Whenever these cases come up, we have a few readers pop up to note that this could be an opening for Pagan organizations, too – indeed, that has been the position of some TWH writers, too. But from my perspective, the idea that these decisions could meaningfully benefit Pagans is unlikely. For one, the kinds of programs the Supreme Court has signaled its interest in expanding to religious institutions heavily favor groups that look like Christian churches. In most cases I suspect we would run into brick walls, if not of outright anti-Pagan discrimination then of bureaucratic insistence that our religious practice be organized in a way that is antithetical to many of our community’s instincts.

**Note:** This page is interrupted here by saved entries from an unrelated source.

(* For every $m\in\bar L^0$ and $t\in\mathbb{T}$, $$\operatorname{Essinf}_t m=\operatorname*{essinf}_{Z\in P_t}E[Zm\mid\mathcal{F}_t],$$ where $P_t:=\{Z\in L^0: Z\ge0,\ E[Z\mid\mathcal{F}_t]=1\}$.
   Context: Let $(\Omega,\mathcal{F},\{\mathcal{F}_t\}_{t\in\mathbb{T}},P)$ be a filtered probability space, $\mathbb{T}=\{0,\dots,T\}$, $\mathcal{F}_0$ trivial. $L^0$ (resp. $\bar L^0$) denotes $\mathcal{F}_T$-measurable random variables with values in $(-\infty,\infty)$ (resp. $[-\infty,\infty]$), identified a.s. Conventions: $\infty-\infty=-\infty+\infty=-\infty$ and $0\cdot\pm\infty=0$. For $X\in\bar L^0$ with $X^+=X\vee0$, $X^-=(-X)\vee0$, the generalized conditional expectation is $E[X\mid\mathcal{F}_t]:=\lim_{n\to\infty}E[X^+\wedge n\mid\mathcal{F}_t]-\lim_{n\to\infty}E[X^-\wedge n\mid\mathcal{F}_t]$. For bounded $X$, $\operatorname{Essinf}_tX$ is the unique (a.s.) $\mathcal{F}_t$-measurable random variable with $\operatorname{essinf}_{\omega\in A}X=\operatorname{essinf}_{\omega\in A}\operatorname{Essinf}_tX$ for all $A\in\mathcal{F}_t$, and $\operatorname{Esssup}_tX=-\operatorname{Essinf}_t(-X)$; for $X\in\bar L^0$, $\operatorname{Essinf}_tX:=\lim_n\operatorname{Essinf}_t(X^+\wedge n)-\lim_n\operatorname{Esssup}_t(X^-\wedge n)$. The essential infimum over the family is taken in $[-\infty,\infty]$. *)

theory Defs
  imports "HOL-Probability.Probability"
begin

definition esub :: "ereal \<Rightarrow> ereal \<Rightarrow> ereal" where
  "esub a b = (if (a = \<infinity> \<and> b = \<infinity>) \<or> (a = -\<infinity> \<and> b = -\<infinity>) then -\<infinity> else a - b)"

definition epos :: "ereal \<Rightarrow> ereal" where "epos x = max x 0"
definition eneg :: "ereal \<Rightarrow> ereal" where "eneg x = max (- x) 0"

text \<open>Generalized conditional expectation:
  E[X|G] = lim_n E[X^+ /\ n | G] - lim_n E[X^- /\ n | G]
  (the limits are monotone a.s., written as suprema).\<close>
definition gen_cond_exp :: "'a measure \<Rightarrow> 'a measure \<Rightarrow> ('a \<Rightarrow> ereal) \<Rightarrow> ('a \<Rightarrow> ereal)" where
  "gen_cond_exp M G X = (\<lambda>\<omega>.
     esub (SUP n::nat. ereal (real_cond_exp M G (\<lambda>x. real_of_ereal (min (epos (X x)) (ereal (real n)))) \<omega>))
          (SUP n::nat. ereal (real_cond_exp M G (\<lambda>x. real_of_ereal (min (eneg (X x)) (ereal (real n)))) \<omega>)))"

definition ess_inf_on :: "'a measure \<Rightarrow> 'a set \<Rightarrow> ('a \<Rightarrow> ereal) \<Rightarrow> ereal" where
  "ess_inf_on M A X = Sup {z. AE \<omega> in M. \<omega> \<in> A \<longrightarrow> z \<le> X \<omega>}"

definition cond_essinf_bdd :: "'a measure \<Rightarrow> 'a measure \<Rightarrow> ('a \<Rightarrow> real) \<Rightarrow> ('a \<Rightarrow> real)" where
  "cond_essinf_bdd M G X = (SOME Y. Y \<in> borel_measurable G \<and>
      (\<forall>A\<in>sets G. ess_inf_on M A (\<lambda>\<omega>. ereal (X \<omega>)) = ess_inf_on M A (\<lambda>\<omega>. ereal (Y \<omega>))))"

definition cond_esssup_bdd :: "'a measure \<Rightarrow> 'a measure \<Rightarrow> ('a \<Rightarrow> real) \<Rightarrow> ('a \<Rightarrow> real)" where
  "cond_esssup_bdd M G X = (\<lambda>\<omega>. - cond_essinf_bdd M G (\<lambda>x. - X x) \<omega>)"

definition cond_essinf :: "'a measure \<Rightarrow> 'a measure \<Rightarrow> ('a \<Rightarrow> ereal) \<Rightarrow> ('a \<Rightarrow> ereal)" where
  "cond_essinf M G X = (\<lambda>\<omega>.
     esub (SUP n::nat. ereal (cond_essinf_bdd M G (\<lambda>x. real_of_ereal (min (epos (X x)) (ereal (real n)))) \<omega>))
          (SUP n::nat. ereal (cond_esssup_bdd M G (\<lambda>x. real_of_ereal (min (eneg (X x)) (ereal (real n)))) \<omega>)))"

definition is_ess_inf_family :: "'a measure \<Rightarrow> 'a measure \<Rightarrow> ('a \<Rightarrow> ereal) set \<Rightarrow> ('a \<Rightarrow> ereal) \<Rightarrow> bool" where
  "is_ess_inf_family M N S Y \<longleftrightarrow> Y \<in> borel_measurable N \<and>
     (\<forall>X\<in>S. AE \<omega> in M. Y \<omega> \<le> X \<omega>) \<and>
     (\<forall>Y'. Y' \<in> borel_measurable N \<and> (\<forall>X\<in>S. AE \<omega> in M. Y' \<omega> \<le> X \<omega>) \<longrightarrow> (AE \<omega> in M. Y' \<omega> \<le> Y \<omega>))"

definition ess_inf_family :: "'a measure \<Rightarrow> 'a measure \<Rightarrow> ('a \<Rightarrow> ereal) set \<Rightarrow> ('a \<Rightarrow> ereal)" where
  "ess_inf_family M N S = (SOME Y. is_ess_inf_family M N S Y)"

definition Pset :: "'a measure \<Rightarrow> 'a measure \<Rightarrow> 'a measure \<Rightarrow> ('a \<Rightarrow> real) set" where
  "Pset M FT Ft = {Z. Z \<in> borel_measurable FT \<and> (AE \<omega> in M. 0 \<le> Z \<omega>) \<and>
      (AE \<omega> in M. gen_cond_exp M Ft (\<lambda>x. ereal (Z x)) \<omega> = 1)}"

end

theory Submission
  imports Defs
begin

(*
  Write Essinf_t m = A - B with A = lim_n Essinf_t (m^+ /\ n) and B = lim_n Esssup_t (m^- /\ n).
  For bounded X, Essinf_t X is the a.s. largest F_t-measurable minorant of X; it exists as a
  bounded minorant of maximal expectation. Consequently A <= m^+, m^- <= B, B = 0 where A > 0,
  and Essinf_t m >= q on every F_t-set on which m >= q.

  For Z in P_t the first three facts give A = A E[Z|F_t] <= E[Z m^+|F_t] and
  E[Z m^-|F_t] <= B, hence Essinf_t m <= E[Z m|F_t]. Conversely, for rational q the conditional
  probability p = P(m < q | F_t) is a.s. positive on D = {Essinf_t m < q} by the last fact, and
  Z = 1_{m < q} / p on D, Z = 1 off D, lies in P_t with E[Z m|F_t] <= q on D. Hence every
  F_T-measurable lower bound of the family lies below Essinf_t m, which is therefore its
  essential infimum.
*)

section \<open>Extended reals and truncation\<close>

lemma enn2ereal_SUP_nat: "enn2ereal (SUP n::nat. c n) = (SUP n. enn2ereal (c n))"
  by (simp add: Sup_ennreal.rep_eq image_comp sup_max max_def SUP_upper2 enn2ereal_nonneg)

lemma e2ennreal_ereal_mult: "0 \<le> z \<Longrightarrow> e2ennreal (ereal z * w) = ennreal z * e2ennreal w"
  by (cases w) (auto simp: ennreal_mult' e2ennreal_neg ennreal_mult_top mult_nonneg_nonpos)

lemma e2ennreal_uminus_ereal_mult: "0 \<le> z \<Longrightarrow> e2ennreal (- (ereal z * w)) = ennreal z * e2ennreal (- w)"
  using e2ennreal_ereal_mult[of z "- w"] by simp

lemma eneg_eq_epos_uminus: "eneg w = epos (- w)"
  unfolding eneg_def epos_def ..

lemma e2ennreal_epos [simp]: "e2ennreal (epos w) = e2ennreal w"
  by (cases w) (auto simp: epos_def max_def e2ennreal_neg ennreal_neg)

lemma epos_nonneg: "0 \<le> epos w"
  by (simp add: epos_def)
definition places :: "('k::field_char_0 \<Rightarrow> real) set" where
  "places = {v. is_abs_val v \<and>
     (archimedean_place v \<or> (\<exists>p. prime p \<and> (\<forall>q::rat. v (of_rat q) = padic_abs p q)))}"

definition MK_constant :: "(('k::field_char_0 \<Rightarrow> real) \<Rightarrow> real) \<Rightarrow> bool" where
  "MK_constant c \<longleftrightarrow> finite {v \<in> (places :: ('k \<Rightarrow> real) set). c v \<noteq> 0}"

text \<open>r_v = r at archimedean places, 1 otherwise.\<close>
definition at_place :: "real \<Rightarrow> ('k::field_char_0 \<Rightarrow> real) \<Rightarrow> real" where
  "at_place r v = (if archimedean_place v then r else 1)"

definition logplus :: "real \<Rightarrow> real" where
  "logplus x = ln (max 1 x)"

definition monic_family :: "nat \<Rightarrow> nat \<Rightarrow> (nat \<Rightarrow> 'k::field) \<Rightarrow> 'k \<Rightarrow> 'k \<Rightarrow> 'k" where
  "monic_family d e \<beta> t z = (\<Prod>i\<in>{1..d div e}. (z ^ e - \<beta> i * t))"

definition G_esc :: "nat \<Rightarrow> ('k \<Rightarrow> 'k) \<Rightarrow> ('k \<Rightarrow> real) \<Rightarrow> 'k \<Rightarrow> real" where
  "G_esc d g v P = lim (\<lambda>n. logplus (v ((g ^^ n) P)) / real d ^ n)"

definition g_green :: "nat \<Rightarrow> ('k::field \<Rightarrow> 'k) \<Rightarrow> ('k \<Rightarrow> real) \<Rightarrow> 'k \<Rightarrow> 'k \<Rightarrow> real" where
  "g_green d g v x y = - ln (v (x - y)) + G_esc d g v x + G_esc d g v y"

end

theory Submission
  imports Defs
begin

text \<open>The orbit of a point under a map of degree \<open>d \<ge> 2\<close> either stays bounded, so its escape
  rate is \<open>0\<close>, or it eventually enters the region where \<open>|f z|\<close> is comparable to \<open>|z|\<^sup>d\<close>, and then
  \<open>d\<^sup>-\<^sup>n log |f\<^sup>n z|\<close> converges geometrically. Either way \<open>G\<close> is a genuine limit of nonnegative
  numbers, hence nonnegative. Now take \<open>|y| \<le> |x|\<close>. The (ultra)metric triangle inequality gives
  \<open>log |x - y| \<le> log 2\<^sub>v + log |x|\<close>, and \<open>G(x) \<ge> log |x| - max a\<^sub>v b\<^sub>v\<close>: for \<open>log |x| > a\<^sub>v\<close> by the
  defining property of \<open>b\<close> (recall \<open>|t| \<le> 1\<close>), otherwise from \<open>G(x) \<ge> 0\<close>. Adding \<open>G(y) \<ge> 0\<close> gives
  the bound.\<close>

lemma abs_val_zero: "is_abs_val v \<Longrightarrow> v 0 = 0"
  unfolding is_abs_val_def by auto

lemma abs_val_pos: "is_abs_val v \<Longrightarrow> x \<noteq> 0 \<Longrightarrow> v x > 0"
  unfolding is_abs_val_def by auto

lemma abs_val_nonneg: "is_abs_val v \<Longrightarrow> v x \<ge> 0"
  unfolding is_abs_val_def by (cases "x = 0") (auto simp: less_imp_le)

lemma abs_val_mult: "is_abs_val v \<Longrightarrow> v (x * y) = v x * v y"
  unfolding is_abs_val_def by auto

lemma abs_val_triangle: "is_abs_val v \<Longrightarrow> v (x + y) \<le> v x + v y"
  unfolding is_abs_val_def by auto

lemma abs_val_one: "is_abs_val v \<Longrightarrow> v (1::'k::field) = 1"
  using abs_val_mult[of v 1 1] abs_val_pos[of v 1] by force

lemma abs_val_minus:
  assumes v: "is_abs_val v"
  shows "v (- (x::'k::field)) = v x"
proof -
  have "v (-1::'k) ^ 2 = 1"
    using abs_val_mult[OF v, of "-1::'k" "-1"] abs_val_one[OF v] by (simp add: power2_eq_square)
  then have "v (-1::'k) = 1"
    using abs_val_nonneg[OF v, of "-1::'k"] by (simp add: power2_eq_1_iff)
  then show ?thesis using abs_val_mult[OF v, of "-1" x] by simp
qed

lemma abs_val_minus_commute: "is_abs_val v \<Longrightarrow> v ((x::'k::field) - y) = v (y - x)"
  by (metis abs_val_minus minus_diff_eq)

lemma abs_val_diff_ge: "is_abs_val v \<Longrightarrow> v ((x::'k::field) - y) \<ge> v x - v y"
  using abs_val_triangle[of v "x - y" y] by simp

lemma abs_val_diff_le: "is_abs_val v \<Longrightarrow> v ((x::'k::field) - y) \<le> v x + v y"
  using abs_val_triangle[of v x "- y"] abs_val_minus[of v y] by simp

lemma abs_val_power: "is_abs_val v \<Longrightarrow> v ((x::'k::field) ^ n) = v x ^ n"
  by (induction n) (auto simp: abs_val_one abs_val_mult)

lemma abs_val_prod: "is_abs_val v \<Longrightarrow> v (\<Prod>i\<in>A. (g i::'k::field)) = (\<Prod>i\<in>A. v (g i))"
  by (induction A rule: infinite_finite_induct) (auto simp: abs_val_one abs_val_mult)

lemma abs_val_sum: "is_abs_val v \<Longrightarrow> v (\<Sum>i\<in>A. (g i::'k::field)) \<le> (\<Sum>i\<in>A. v (g i))"
proof (induction A rule: infinite_finite_induct)
  case (insert x F)
  then show ?case using abs_val_triangle[OF insert.prems, of "g x" "sum g F"] by simp
qed (auto simp: abs_val_zero)

lemma abs_val_add_power_le:
  fixes x y :: "'k::field"
  assumes v: "is_abs_val v" and nat_le_1: "\<And>n. v (of_nat n :: 'k) \<le> 1"
  shows "v (x + y) ^ n \<le> (real n + 1) * max (v x) (v y) ^ n"
proof -
  let ?M = "max (v x) (v y)"
  have "v (x + y) ^ n = v (\<Sum>k\<le>n. of_nat (n choose k) * x ^ k * y ^ (n - k))"
    by (simp only: abs_val_power[OF v, symmetric] binomial_ring)
  also have "\<dots> \<le> (\<Sum>k\<le>n. v (of_nat (n choose k) * x ^ k * y ^ (n - k)))"
    by (rule abs_val_sum[OF v])
  also have "\<dots> \<le> (\<Sum>k\<le>n. ?M ^ n)"
  proof (rule sum_mono)
    fix k assume "k \<in> {..n}"
    have "v (of_nat (n choose k) * x ^ k * y ^ (n - k))
          = v (of_nat (n choose k)) * v x ^ k * v y ^ (n - k)"
      by (simp add: abs_val_mult[OF v] abs_val_power[OF v])
    also have "\<dots> \<le> 1 * ?M ^ k * ?M ^ (n - k)"
      by (intro mult_mono power_mono) (use nat_le_1 abs_val_nonneg[OF v] in \<open>auto intro!: zero_le_power simp: le_max_iff_disj\<close>)
    also have "\<dots> = ?M ^ n" using \<open>k \<in> {..n}\<close> by (simp add: power_add[symmetric])
    finally show "v (of_nat (n choose k) * x ^ k * y ^ (n - k)) \<le> ?M ^ n" .
  qed
  finally show ?thesis by (simp add: algebra_simps)
qed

And even were some few Pagan organizations able to benefit, it would be far outweighed by the damage done by putting more and more public dollars in the hands of Christian nationalist groups that seek to impede on our rights.
What’s best for Pagans is a secular society based on freedom of religion – a proposition that seems more tenuous every day.
The good news here is that for once the Supreme Court has not given any further prizes to those seeking to use public coffers for religious ends, but the bad news is that it’s likely only because Coney Barrett recused herself. (While she has not said specifically why she did this, she had a prior affiliation with Notre Dame Law School’s Religious Liberty Clinic, which represents St. Isidore.) The 4-4 decision does not actually settle the question in any meaningful way, and it’s certain that there will be another attempt to create publicly-funded religious charter schools in the years to come – and this time they’ll make sure not to include such obvious conflicts of interest.
The situation, unfortunately, reminds me of the 2016 case Friedrichs vs. California Teachers Association, which was set to impose so-called “right-to-work” conditions on public employee unions across the country. Justice Antonin Scalia died between the oral argument of Friedrichs and the decision, which left the court to split along 4-4 lines again. Unions cheered at the time – the split was a reprieve against a major assault on labor rights. But shortly thereafter, the court added Neil Gorsuch to the bench, and within a matter of months effectively imposed right-to-work rules on public sector unions by overturning precedent in Janus v. AFSCME.
It’s good news that for now there will be no publicly-funded religious doctrine taught in Oklahoma through St. Isidore. But we need to remain vigilant – there’s always next term, and those who would impose their religion on the rest of us are surely already looking for another horse to back.